Заходящее солнце отражалось в стеклах крыши длинного, как бы приплюснутого цеха на противоположной стороне двора. В этом цехе вырабатывали прорезиненную материю для дождевиков. На дальнем конце крыши стекла были выбиты, и железные ребра оконных рам походили на паутину, повисшую над черно-фиолетовой ямой. Осокин вспомнил, как на прошлой неделе, вечером, там взорвался бак с бензином, тяжело ранив нескольких рабочих. Взрыв произошел через три дня после налета немцев, и в цехе Осокина поднялась паника — все были уверены, что это новый налет. Перед глазами Осокина мелькнули перекошенные ужасом лица работниц, в ушах зазвучал страшный, похожий на кудахтанье крик бившейся в истерике уборщицы. Она каталась по полу, прижимая к груди старую соломенную метлу, и ему и Пиратту нелегко было справиться с этим худым извивающимся телом.

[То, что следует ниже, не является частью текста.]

lemma co_Vset_if_norming:
  assumes "u \<in> c0" "\<And>k. \<bar>u k\<bar> \<le> 1" "x \<in> ell1" "pairing u x = norm1 x" "x \<noteq> (\<lambda>k. 0)"
  shows "supnorm u = 1 \<and> (\<exists>z\<in>co (Vset u). x = (\<lambda>k. norm1 x * z k))"
proof -
  define F where "F = {k. x k \<noteq> 0}"
  have sign: "u k * x k = \<bar>x k\<bar>" for k using assms(2-4) by (rule norming_mult_eq_abs)
  have unit: "\<bar>u k\<bar> = 1" "x k = \<bar>x k\<bar> * sgn (u k)" if "k \<in> F" for k
  proof -
    have "\<bar>u k\<bar> * \<bar>x k\<bar> = \<bar>x k\<bar>" using arg_cong[OF sign[of k], of abs] by (simp add: abs_mult)
    then show "\<bar>u k\<bar> = 1" using that by (simp add: F_def)
    then show "x k = \<bar>x k\<bar> * sgn (u k)"
      using sign[of k] by (cases "u k > 0") (auto simp: sgn_if abs_if split: if_splits)
  qed
  have fin: "finite F"
    using unit(1) by (intro finite_subset[OF _ c0_finite_abs_ge[OF assms(1), of 1]]) auto
  obtain k0 where "k0 \<in> F" using assms(5) by (auto simp: F_def)
  have sup1: "supnorm u = 1"
    using supnorm_le[of u, OF assms(2)] abs_le_supnorm[OF c0_imp_Bseq[OF assms(1)], of k0]
      unit(1)[OF \<open>k0 \<in> F\<close>]
    by linarith
  have norm1_F: "norm1 x = (\<Sum>j\<in>F. \<bar>x j\<bar>)"
    unfolding norm1_def by (rule suminf_finite[OF fin]) (simp add: F_def)
  have "norm1 x \<noteq> 0" using norm1_eq_0_iff[OF assms(3)] assms(5) by simp
  then have pos: "norm1 x > 0" using norm1_nonneg[OF assms(3)] by linarith
  define w where "w j = \<bar>x j\<bar> / norm1 x" for j
  define z where "z = (\<lambda>k. \<Sum>j\<in>F. w j * sgn (u j) * unitseq j k)"
  have "z \<in> co (Vset u)"
    unfolding z_def
  proof (rule mem_co_Vset[OF fin])
    show "F \<subseteq> maxidx u" using unit(1) sup1 by (auto simp: maxidx_def)
    show "u j \<noteq> 0" if "j \<in> F" for j using unit(1)[OF that] by auto
    show "0 \<le> w j" for j using pos by (simp add: w_def)
    show "sum w F = 1" using pos by (simp add: w_def norm1_F sum_divide_distrib[symmetric])
  qed
  moreover have "x = (\<lambda>k. norm1 x * z k)"
  proof
    fix k
    show "x k = norm1 x * z k"
      unfolding z_def sum_unitseq[OF fin] using unit(2)[of k] pos by (simp add: w_def F_def)
  qed
  ultimately show ?thesis using sup1 by blast
qed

На подоконнике лежали крест-накрест забытые Дюжарденом толстые перчатки, которые приходилось надевать, когда надо было открыть раскаленные двери вулканизационных печей. Эти грубые перчатки снова, во второй раз за этот день, напомнили Осокину синие женские перчатки на столе его студенческой комнаты. «Она никогда не могла понять, что нам надо расстаться не потому, что я полюбил другую, а просто потому, что она мне мешала жить так, как я хотел. Впрочем, если бы я ее любил… Но разве я могу любить?» Осокин понимал, что он бросил университет не из-за неудачной любви — «только этого еще недоставало!» — а по причинам, не имеющим ничего общего с его парижской жизнью.
Ему вспоминался рассказ о вечнозеленой секвойе: лесной пожар много столетий тому назад выжег внутри весь ее ствол. И вот стоит дерево, лишенное вершины, как фабричная труба: заглянешь в дупло — вверху, на недостижимой высоте, кусочек голубого неба. Дерево, казалось бы, мертво, но нет: после векового сна вдруг начнут появляться зеленые ветки с пушистыми, как бахрома, узорчатыми листьями; понемногу дерево оживет, и невольно подивишься его необыкновенной воле к жизни.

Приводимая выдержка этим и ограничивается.